(* Let $M\ge1$, $\beta,\hat\beta>0$, and suppose $$\beta^{-1}<1+(M-1)\,m_0(\hat\beta)^2 .$$ Then $\mathbf{p}=\mathbf{0}$ is not a global maximizer of $$g(\mathbf{p};\hat\beta,\beta)=\log2-\frac{\beta|\mathbf{p}|^2}{2}+\big\langle\log\cosh(\beta\,\mathbf{s}\cdot\mathbf{p})\big\rangle_{\mathbf{s},\hat\beta},\qquad\mathbf{p}\in\mathbb{R}^M,$$ the scalar equation $p=\big\langle s_1\tanh\big(\beta p\sum_{\mu=1}^M s_\mu\big)\big\rangle_{\mathbf{s},\hat\beta}$ has exactly one solution $\bar p>0$, and $\mathbf{p}=\pm\bar p\,\mathbf{1}$ are solutions of $\mathbf{p}=\langle\mathbf{s}\tanh(\beta\,\mathbf{s}\cdot\mathbf{p})\rangle_{\mathbf{s},\hat\beta}$.
   Context: $m_0(\hat\beta)$ is the largest nonnegative solution of $m=\tanh(\hat\beta m)$. $\langle\cdot\rangle_{\mathbf{s},\hat\beta}$ denotes expectation over $\mathbf{s}=(s_1,\dots,s_M)\in\{-1,1\}^M$ with i.i.d. entries of mean $m_0(\hat\beta)$. *)

theory Defs
  imports "HOL-Analysis.Analysis" "HOL-Library.FuncSet"
begin

definition m0 :: "real \<Rightarrow> real" where
  "m0 bh = (GREATEST m. m \<ge> 0 \<and> m = tanh (bh * m))"

definition spins :: "nat \<Rightarrow> (nat \<Rightarrow> real) set" where
  "spins M = PiE {..<M} (\<lambda>_. {-1, 1})"

text \<open>Expectation over s with i.i.d. entries of mean m0(bh):
  P(s_mu = x) = (1 + m0 bh * x)/2 for x in {-1,1}.\<close>
definition avg :: "nat \<Rightarrow> real \<Rightarrow> ((nat \<Rightarrow> real) \<Rightarrow> real) \<Rightarrow> real" where
  "avg M bh f = (\<Sum>s\<in>spins M. (\<Prod>\<mu><M. (1 + m0 bh * s \<mu>) / 2) * f s)"

definition gfun :: "nat \<Rightarrow> real \<Rightarrow> real \<Rightarrow> (nat \<Rightarrow> real) \<Rightarrow> real" where
  "gfun M bh b p = ln 2 - b * (\<Sum>\<mu><M. (p \<mu>)^2) / 2
     + avg M bh (\<lambda>s. ln (cosh (b * (\<Sum>\<mu><M. s \<mu> * p \<mu>))))"

end

theory Submission
  imports Defs "HOL-Combinatorics.Permutations"
begin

══════════

YOUR INSTRUCTIONS: The lines to copy are those in the listing that contain the word "over".

ANSWER TO THIS TASK:
   Context: $m_0(\hat\beta)$ is the largest nonnegative solution of $m=\tanh(\hat\beta m)$. $\langle\cdot\rangle_{\mathbf{s},\hat\beta}$ denotes expectation over $\mathbf{s}=(s_1,\dots,s_M)\in\{-1,1\}^M$ with i.i.d. entries of mean $m_0(\hat\beta)$. *)
text \<open>Expectation over s with i.i.d. entries of mean m0(bh):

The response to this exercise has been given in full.